Sustainability initiatives in the supply chain

In 2016, the process that defines activities aimed at improving the sustainability of the supply chain continued to be applied. These activities involve the qualification, incoming quality and vendor rating stages. In particular, the suppliers were classified according to the potential risks associated with their sustainability performance, carried out using a specific method that considers the social-environmental and business continuity aspects associated with the procurement markets in which they operate. For this reason, the procurement markets (i.e. procurement categories homogeneous among themselves) have been classified in accordance with parameters such as:

  • the geographical areas of reference and the risks connected with them,
  • the potential impact on the environment and on society of the suppliers' activities and of the products/services supplied throughout their entire life cycle, including risks relating to violations of human and labour rights and to environmental protection,
  • the impact on the reputation of TIM as a customer.

A matrix has therefore been created which, by relating the spending associated with the specific purchase market to the risk index calculated on the basis of the parameters listed, has allowed purchase markets to be divided into four classes, identifying those most critical from the point of view of sustainability and economic impact. Suppliers belonging to the classes at greatest risk are the subject of sustainability audits carried out by Company personnel or by personnel from third party companies specialising in the sector. These audits are repeated periodically to monitor the implementation of any corrective actions and, if the results are positive, in order to verify that the standard of performance found is being maintained.

All suppliers of the Domestic BU have been assessed to consider the social/environmental risk; in 2016, 48 were considered to be at greatest risk (+20% as compared with 2015 and + 17% on 2014). 21 purchase markets and suppliers operating in the following geographical areas are considered to be at greatest social risk: Asia, Central and South America, North Africa and Eastern Europe.

Since 2014, all suppliers interested in a qualification process (new, extension or renewal), relating to areas of procurement that present the greatest risk in terms of sustainability answer a specific selfassessment questionnaire to determine the socio-environmental sustainability risk. Periodically updated based on the results and evolution of the qualification process, the questionnaire was developed according to the main requirements of the relevant responsible corporate management standards relating to respect for ethical values and to safeguarding the environment (including SA 8000, Global Compact and ISO 14001) and to the best industry practices. The self-assessment sustainability questionnaire is integrated into the application that handles the supplier qualification process, which automatically extended it to all new suppliers operating in markets where sustainability is considered to be at risk. Refresher campaigns were mounted for suppliers previously qualified in TIM's Register of suppliers. The results of the questionnaire will make it possible to refine the risk matrix described above. In 2016, a self-assessment questionnaire was sent out in Brazil on matters of sustainability to suppliers whose orders exceed one million reais, thereby involving 16% of the total number of suppliers. As of the end of 2016 replies had been received from all the 236 suppliers involved. The results will help direct future selection processes.

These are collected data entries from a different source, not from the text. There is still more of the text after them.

(* Let $\psi\in\mathfrak M^+_\infty$, $b>0$, and let $t\ge1$ be such that $\mu(\psi;t)\ge b$. Then $$\frac12\,\frac{b^2}{(b+1)^2}\,(\eta(t)-t)\le\frac{\psi(t)}{|\psi'(t)|}\le4\Big(1+\frac1b\Big)(\eta(t)-t),$$ where $\psi'(t)=\psi'(t+0)$ denotes the right derivative.
   Context: Let $\mathfrak M$ be the set of positive, continuous, convex-downward functions $\psi(t)$ of $t\ge1$ with $\lim_{t\to\infty}\psi(t)=0$. For $\psi\in\mathfrak M$ put $\eta(t)=\eta(\psi;t)=\psi^{-1}(\psi(t)/2)$, where $\psi^{-1}$ is the inverse function of $\psi$, and $\mu(t)=\mu(\psi;t)=t/(\eta(t)-t)$. Let $\mathfrak M^+_\infty$ be the set of $\psi\in\mathfrak M$ for which $\mu(\psi;t)$ increases monotonically to $\infty$ as $t\to\infty$. *)

theory Defs
  imports "HOL-Analysis.Analysis"
begin

text \<open>The class M: positive, continuous, convex (downward) functions on [1,oo) tending to 0.
  Functions are total on the reals; only their values on [1,oo) matter.\<close>
definition class_M :: "(real \<Rightarrow> real) \<Rightarrow> bool" where
  "class_M \<psi> \<longleftrightarrow> (\<forall>t\<ge>1. \<psi> t > 0) \<and> continuous_on {1..} \<psi> \<and> convex_on {1..} \<psi>
      \<and> (\<psi> \<longlongrightarrow> 0) at_top"

definition eta :: "(real \<Rightarrow> real) \<Rightarrow> real \<Rightarrow> real" where
  "eta \<psi> t = the_inv_into {1..} \<psi> (\<psi> t / 2)"

definition mu :: "(real \<Rightarrow> real) \<Rightarrow> real \<Rightarrow> real" where
  "mu \<psi> t = t / (eta \<psi> t - t)"

definition class_M_plus_inf :: "(real \<Rightarrow> real) \<Rightarrow> bool" where
  "class_M_plus_inf \<psi> \<longleftrightarrow> class_M \<psi> \<and> mono_on {1..} (mu \<psi>) \<and> filterlim (mu \<psi>) at_top at_top"

definition right_deriv :: "(real \<Rightarrow> real) \<Rightarrow> real \<Rightarrow> real" where
  "right_deriv f t = Lim (at_right t) (\<lambda>s. (f s - f t) / (s - t))"

end

theory Submission
  imports Defs
begin

text \<open>Write \<open>d = \<eta>(t) - t\<close>. Convexity places the right derivative below the slope
  \<open>-\<psi>(t)/(2d)\<close> of the chord from \<open>t\<close> to \<open>\<eta>(t)\<close>, which gives the upper estimate. For the lower
  estimate, monotonicity of \<open>\<mu>\<close> means that \<open>\<eta>(s)/s\<close> decreases, so for \<open>s > t\<close> we have
  \<open>\<psi>(s) = 2\<psi>(\<eta>(s)) \<ge> 2\<psi>(s\<eta>(t)/t)\<close>; bounding the latter by the chord through \<open>t\<close> and \<open>\<eta>(t)\<close>
  bounds every secant slope at \<open>t\<close>, hence \<open>|\<psi>'(t)|\<close>, by \<open>\<eta>(t)\<psi>(t)/(t d)\<close>. Finally
  \<open>\<mu>(t) \<ge> b\<close> gives \<open>t/\<eta>(t) \<ge> b/(b+1)\<close>.\<close>

lemma convex_on_secant_mono:
  fixes f :: "real \<Rightarrow> real"
  assumes "convex_on {t..} f" and "t < x" and "x \<le> y"
  shows "(f x - f t) / (x - t) \<le> (f y - f t) / (y - t)"
proof (cases "x = y")
  case False
  then have "(f t - f x) / (t - x) \<le> (f t - f y) / (t - y)"
    using convex_on_slope_le(1)[OF assms(1), of t y x] assms(2,3) by auto
  then show ?thesis
    by (metis minus_diff_eq minus_divide_divide)
qed simp

lemma convex_on_right_deriv_tendsto:
  fixes f :: "real \<Rightarrow> real"
  assumes "convex_on {t..} f" and "\<And>s. t < s \<Longrightarrow> K \<le> (f s - f t) / (s - t)"
  shows "((\<lambda>s. (f s - f t) / (s - t)) \<longlongrightarrow> right_deriv f t) (at_right t)"
proof -
  let ?q = "\<lambda>s. (f s - f t) / (s - t)"
  have "(?q \<longlongrightarrow> Inf (?q ` ({t<..} \<inter> UNIV))) (at t within ({t<..} \<inter> UNIV))"
  proof (rule Lim_right_bound)
    show "?q x \<le> ?q y" if "t < x" "x \<le> y" for x y
      using convex_on_secant_mono[OF assms(1) that] .
    show "K \<le> ?q x" if "t < x" for x
      using assms(2)[OF that] .
  qed
  then have lim: "(?q \<longlongrightarrow> Inf (?q ` {t<..})) (at_right t)"
    by simp
  then have "right_deriv f t = Inf (?q ` {t<..})"
    unfolding right_deriv_def by (rule tendsto_Lim[OF trivial_limit_at_right_real])
  with lim show ?thesis
    by simp
qed

lemma convex_on_right_deriv_le_secant:
  fixes f :: "real \<Rightarrow> real"
  assumes "convex_on {t..} f" and "\<And>s. t < s \<Longrightarrow> K \<le> (f s - f t) / (s - t)" and "t < u"
  shows "right_deriv f t \<le> (f u - f t) / (u - t)"
proof -
  have "\<forall>\<^sub>F s in at_right t. (f s - f t) / (s - t) \<le> (f u - f t) / (u - t)"
    unfolding eventually_at_right[OF assms(3)]
    using assms(1,3) convex_on_secant_mono by (auto intro: exI[of _ u])
  then show ?thesis
    using tendsto_upperbound[OF convex_on_right_deriv_tendsto[OF assms(1,2)]] by simp
qed

lemma convex_on_right_deriv_ge:
  fixes f :: "real \<Rightarrow> real"
  assumes "convex_on {t..} f" and "\<And>s. t < s \<Longrightarrow> K \<le> (f s - f t) / (s - t)"
  shows "K \<le> right_deriv f t"
proof -
  have "\<forall>\<^sub>F s in at_right t. K \<le> (f s - f t) / (s - t)"
    using eventually_at_right_less by (rule eventually_mono) (rule assms(2))
  then show ?thesis
    using tendsto_lowerbound[OF convex_on_right_deriv_tendsto[OF assms]] by simp
qed

lemma secant_ge_of_linear_lower_bound:
  fixes a c s t y :: real
  assumes "t < s"
  shows "c - (s - t) * a \<le> y \<longleftrightarrow> - a \<le> (y - c) / (s - t)"
  using assms by (simp add: pos_le_divide_eq algebra_simps)

lemma class_M_eventually_less:
  assumes "class_M \<psi>" and "c > 0"
  shows "\<exists>z>y. \<psi> z < c"
proof -
  have "(\<psi> \<longlongrightarrow> 0) at_top"
    using assms(1) by (simp add: class_M_def)
  then have "\<forall>\<^sub>F z in at_top. \<psi> z < c"
    using assms(2) by (rule order_tendstoD(2))
  then have "\<forall>\<^sub>F z in at_top. z > y \<and> \<psi> z < c"
    by (intro eventually_conj eventually_gt_at_top)
  then obtain N where "\<And>z. z \<ge> N \<Longrightarrow> z > y \<and> \<psi> z < c"
    by (auto simp: eventually_at_top_linorder)
  then show ?thesis
    by (meson order_refl)
qed

lemma class_M_decreasing:
  assumes M: "class_M \<psi>" and "1 \<le> x" and "x < y"
  shows "\<psi> y < \<psi> x"
proof (rule ccontr)
  assume "\<not> \<psi> y < \<psi> x"
  have "\<psi> x > 0" and convex: "convex_on {1..} \<psi>"
    using M \<open>1 \<le> x\<close> by (auto simp: class_M_def)
  then obtain z where "z > y" and "\<psi> z < \<psi> x"
    using class_M_eventually_less[OF M] by blast
  have "(\<psi> x - \<psi> y) / (x - y) \<le> (\<psi> x - \<psi> z) / (x - z)"
    using convex_on_slope_le(1)[OF convex, of x z y] assms \<open>z > y\<close> by auto
  moreover have "(\<psi> x - \<psi> y) / (x - y) \<ge> 0"
    using \<open>\<not> \<psi> y < \<psi> x\<close> \<open>x < y\<close> by (intro divide_nonpos_neg) auto
  moreover have "(\<psi> x - \<psi> z) / (x - z) < 0"
    using \<open>z > y\<close> \<open>x < y\<close> \<open>\<psi> z < \<psi> x\<close> by (intro divide_pos_neg) auto
  ultimately show False by linarith
qed

lemma class_M_inj_on: "class_M \<psi> \<Longrightarrow> inj_on \<psi> {1..}"
  by (rule inj_onI) (metis atLeast_iff class_M_decreasing linorder_cases order_less_irrefl)

lemma class_M_eta:
  assumes M: "class_M \<psi>" and "1 \<le> x"
  shows "x < eta \<psi> x" and "\<psi> (eta \<psi> x) = \<psi> x / 2"
proof -
  have pos: "\<psi> x > 0" and cont: "continuous_on {1..} \<psi>"
    using M \<open>1 \<le> x\<close> by (auto simp: class_M_def)
  obtain z where "z > x" and "\<psi> z < \<psi> x / 2"
    using class_M_eventually_less[OF M, of "\<psi> x / 2" x] pos by auto
  moreover have "continuous_on {x..z} \<psi>"
    using \<open>1 \<le> x\<close> by (intro continuous_on_subset[OF cont]) auto
  ultimately obtain s where s: "x \<le> s" "\<psi> s = \<psi> x / 2"
    using IVT2'[of \<psi> z "\<psi> x / 2" x] pos by auto
  have "eta \<psi> x = s"
    unfolding eta_def s(2)[symmetric]
    using s(1) \<open>1 \<le> x\<close> by (simp add: the_inv_into_f_f[OF class_M_inj_on[OF M]])
  moreover have "s \<noteq> x"
    using s pos by auto
  ultimately show "x < eta \<psi> x" and "\<psi> (eta \<psi> x) = \<psi> x / 2"
    using s by auto
qed

lemma class_M_above_chord_beyond_eta:
  assumes M: "class_M \<psi>" and "1 \<le> t" and "eta \<psi> t \<le> u"
  shows "\<psi> t - (u - t) * \<psi> t / (2 * (eta \<psi> t - t)) \<le> \<psi> u"
proof -
  define e where "e = eta \<psi> t"
  have "t < e" and half: "\<psi> e = \<psi> t / 2"
    using class_M_eta[OF M \<open>1 \<le> t\<close>] by (simp_all add: e_def)
  have "convex_on {t..} \<psi>"
    using M \<open>1 \<le> t\<close> by (auto simp: class_M_def intro: convex_on_subset)
  then have "(\<psi> e - \<psi> t) / (e - t) \<le> (\<psi> u - \<psi> t) / (u - t)"
    using convex_on_secant_mono \<open>t < e\<close> assms(3) by (simp add: e_def)
  moreover have "(\<psi> e - \<psi> t) / (e - t) = - \<psi> t / (2 * (e - t))"
    using half \<open>t < e\<close> by (simp add: field_simps)
  ultimately have "- \<psi> t / (2 * (e - t)) * (u - t) \<le> \<psi> u - \<psi> t"
    using \<open>t < e\<close> assms(3) by (simp add: pos_le_divide_eq e_def)
  then show ?thesis
    by (simp add: e_def mult.commute)
qed

lemma class_M_plus_inf_eta_div_antimono:
  assumes "class_M_plus_inf \<psi>" and "1 \<le> t" and "t \<le> s"
  shows "eta \<psi> s / s \<le> eta \<psi> t / t"
proof -
  have M: "class_M \<psi>" and "mono_on {1..} (mu \<psi>)"
    using assms(1) by (auto simp: class_M_plus_inf_def)
  then have "mu \<psi> t \<le> mu \<psi> s"
    using assms(2,3) by (auto intro: mono_onD)
  then have "t / (eta \<psi> t - t) \<le> s / (eta \<psi> s - s)"
    by (simp add: mu_def)
  moreover have "t < eta \<psi> t" and "s < eta \<psi> s"
    using class_M_eta(1)[OF M] assms(2,3) by auto
  ultimately show ?thesis
    using assms(2,3) by (simp add: field_simps)
qed

lemma class_M_plus_inf_secant_lower_bound:
  assumes MP: "class_M_plus_inf \<psi>" and "1 \<le> t" and "t < s"
  shows "- (eta \<psi> t * \<psi> t / (t * (eta \<psi> t - t))) \<le> (\<psi> s - \<psi> t) / (s - t)"
proof -
  have M: "class_M \<psi>"
    using MP by (simp add: class_M_plus_inf_def)
  define e where "e = eta \<psi> t"
  define u where "u = s * e / t"
  have "t < e"
    using class_M_eta(1)[OF M \<open>1 \<le> t\<close>] by (simp add: e_def)
  have "eta \<psi> s \<le> u"
    using class_M_plus_inf_eta_div_antimono[OF MP \<open>1 \<le> t\<close>, of s] assms(2,3)
    by (simp add: u_def e_def divide_simps mult.commute)
  have "e \<le> u"
    using \<open>t < e\<close> assms(2,3) by (simp add: u_def field_simps mult_mono)
  have "s < eta \<psi> s"
    using class_M_eta(1)[OF M] assms(2,3) by simp
  then have "\<psi> u \<le> \<psi> (eta \<psi> s)"
    using class_M_decreasing[OF M, of "eta \<psi> s" u] \<open>eta \<psi> s \<le> u\<close> assms(2,3)
    by (cases "eta \<psi> s = u") auto
  also have "\<dots> = \<psi> s / 2"
    using class_M_eta(2)[OF M] assms(2,3) by simp
  finally have "2 * (\<psi> t - (u - t) * \<psi> t / (2 * (e - t))) \<le> \<psi> s"
    using class_M_above_chord_beyond_eta[OF M \<open>1 \<le> t\<close>, of u] \<open>e \<le> u\<close> by (simp add: e_def)
  moreover have "2 * (\<psi> t - (u - t) * \<psi> t / (2 * (e - t)))
      = \<psi> t - (s - t) * (e * \<psi> t / (t * (e - t)))"
    using \<open>t < e\<close> assms(2) unfolding u_def by (simp add: field_simps)
  ultimately have "\<psi> t - (s - t) * (e * \<psi> t / (t * (e - t))) \<le> \<psi> s"
    by simp
  then show ?thesis
    using assms(3) unfolding e_def by (simp only: secant_ge_of_linear_lower_bound)
qed

lemma class_M_plus_inf_right_deriv_bounds:
  assumes MP: "class_M_plus_inf \<psi>" and "1 \<le> t"
  shows "- (eta \<psi> t * \<psi> t / (t * (eta \<psi> t - t))) \<le> right_deriv \<psi> t"
    and "right_deriv \<psi> t \<le> - \<psi> t / (2 * (eta \<psi> t - t))"
proof -
  have M: "class_M \<psi>"
    using MP by (simp add: class_M_plus_inf_def)
  have convex: "convex_on {t..} \<psi>"
    using M \<open>1 \<le> t\<close> by (auto simp: class_M_def intro: convex_on_subset)
  note secant_bound = class_M_plus_inf_secant_lower_bound[OF MP \<open>1 \<le> t\<close>]
  show "- (eta \<psi> t * \<psi> t / (t * (eta \<psi> t - t))) \<le> right_deriv \<psi> t"
    by (rule convex_on_right_deriv_ge[OF convex secant_bound])
  have "right_deriv \<psi> t \<le> (\<psi> (eta \<psi> t) - \<psi> t) / (eta \<psi> t - t)"
    by (rule convex_on_right_deriv_le_secant[OF convex secant_bound class_M_eta(1)[OF M \<open>1 \<le> t\<close>]])
  then show "right_deriv \<psi> t \<le> - \<psi> t / (2 * (eta \<psi> t - t))"
    using class_M_eta(2)[OF M \<open>1 \<le> t\<close>] by simp
qed

lemma class_M_plus_inf_quotient_bounds:
  assumes MP: "class_M_plus_inf \<psi>" and "1 \<le> t"
  shows "t / eta \<psi> t * (eta \<psi> t - t) \<le> \<psi> t / \<bar>right_deriv \<psi> t\<bar>"
    and "\<psi> t / \<bar>right_deriv \<psi> t\<bar> \<le> 2 * (eta \<psi> t - t)"
proof -
  have M: "class_M \<psi>"
    using MP by (simp add: class_M_plus_inf_def)
  define e d P L where "e = eta \<psi> t" and "d = eta \<psi> t - t"
    and "P = \<psi> t" and "L = right_deriv \<psi> t"
  have "P > 0" "d > 0" "e = t + d"
    using M class_M_eta(1)[OF M] assms(2) by (auto simp: class_M_def P_def d_def e_def)
  have L_low: "- (e * P / (t * d)) \<le> L" and L_up: "L \<le> - P / (2 * d)"
    using class_M_plus_inf_right_deriv_bounds[OF MP \<open>1 \<le> t\<close>]
    by (simp_all add: e_def d_def P_def L_def)
  have "0 < P / (2 * d)"
    using \<open>P > 0\<close> \<open>d > 0\<close> by simp
  then have "0 < - L" and abs_L: "\<bar>L\<bar> = - L"
    using L_up by simp_all
  have "0 < e * P / (t * d)"
    using \<open>P > 0\<close> \<open>d > 0\<close> \<open>e = t + d\<close> \<open>1 \<le> t\<close> by simp
  then have "P / (e * P / (t * d)) \<le> P / - L"
    using L_low \<open>0 < - L\<close> \<open>P > 0\<close> by (intro divide_left_mono mult_pos_pos) auto
  then show "t / e * d \<le> P / \<bar>L\<bar>"
    using abs_L \<open>P > 0\<close> by simp
  have "P / - L \<le> P / (P / (2 * d))"
    using L_up \<open>0 < P / (2 * d)\<close> \<open>0 < - L\<close> \<open>P > 0\<close> by (intro divide_left_mono mult_pos_pos) auto
  then show "P / \<bar>L\<bar> \<le> 2 * d"
    using abs_L \<open>P > 0\<close> by simp
qed

theorem lemma2:
  fixes \<psi> :: "real \<Rightarrow> real" and b t :: real
  assumes "class_M_plus_inf \<psi>" and "b > 0" and "t \<ge> 1" and "mu \<psi> t \<ge> b"
  shows "1/2 * (b^2 / (b+1)^2) * (eta \<psi> t - t) \<le> \<psi> t / \<bar>right_deriv \<psi> t\<bar>
       \<and> \<psi> t / \<bar>right_deriv \<psi> t\<bar> \<le> 4 * (1 + 1/b) * (eta \<psi> t - t)"
proof
  define e d where "e = eta \<psi> t" and "d = eta \<psi> t - t"
  have "d > 0" "e = t + d"
    using class_M_eta(1)[OF _ \<open>t \<ge> 1\<close>] assms(1) by (auto simp: class_M_plus_inf_def d_def e_def)
  have "b^2 \<le> 2 * b * (b + 1)"
    using assms(2) by (simp add: power2_eq_square algebra_simps)
  then have "1/2 * (b^2 / (b+1)^2) \<le> b / (b + 1)"
    using assms(2) by (simp add: divide_simps power2_eq_square)
  also have "b / (b + 1) \<le> t / e"
  proof -
    have "b * d \<le> t"
      using assms(4) \<open>d > 0\<close> by (simp add: mu_def d_def le_divide_eq)
    then have "b * e \<le> t * (b + 1)"
      using \<open>e = t + d\<close> by (simp add: algebra_simps)
    then show ?thesis
      using assms(2,3) \<open>d > 0\<close> \<open>e = t + d\<close> by (simp add: divide_simps)
  qed
  finally have "1/2 * (b^2 / (b+1)^2) * d \<le> t / e * d"
    using \<open>d > 0\<close> by (metis less_imp_le mult_right_mono)
  then show "1/2 * (b^2 / (b+1)^2) * (eta \<psi> t - t) \<le> \<psi> t / \<bar>right_deriv \<psi> t\<bar>"
    using class_M_plus_inf_quotient_bounds(1)[OF assms(1,3)] by (simp add: e_def d_def)
  have "2 * d \<le> 4 * (1 + 1/b) * d"
    using \<open>d > 0\<close> assms(2) by (simp add: field_simps)
  then show "\<psi> t / \<bar>right_deriv \<psi> t\<bar> \<le> 4 * (1 + 1/b) * (eta \<psi> t - t)"
    using class_M_plus_inf_quotient_bounds(2)[OF assms(1,3)] by (simp add: d_def)
qed

end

In October 2016, the ISO 9001:2008 certificate of conformity of the "Quality Management System" was confirmed for the Purchasing and Service Center Logistics Departments under the responsibility of the Business Support Office, with specific recognition for the initiatives taken in the field of sustainability. This initiative has led to the mapping of 23 department processes with the identification of 118 performance indicators that permit the monitoring and improvement of the administration of services supplied to internal clients and suppliers.

The application of the green procurement policy, which contains guidelines for establishing the environmental requirements of products/services purchased, continues to be an integral part of the procurement policy. The policy covers all stages of the product life: design, production, use and end of life. Published on the "Vendors Hub" supplier portal of TIM and in the sustainability section of the telecomitalia.com website, the document helps to orient purchasing policies towards low environmental impact products and services.

Some questions on the annual satisfaction survey (see Supplier involvement initiatives) relate to the green procurement policy and to principles relating to Human and employment Rights, as well as on their implementation by suppliers, with a view to increasing their involvement in matters of sustainability.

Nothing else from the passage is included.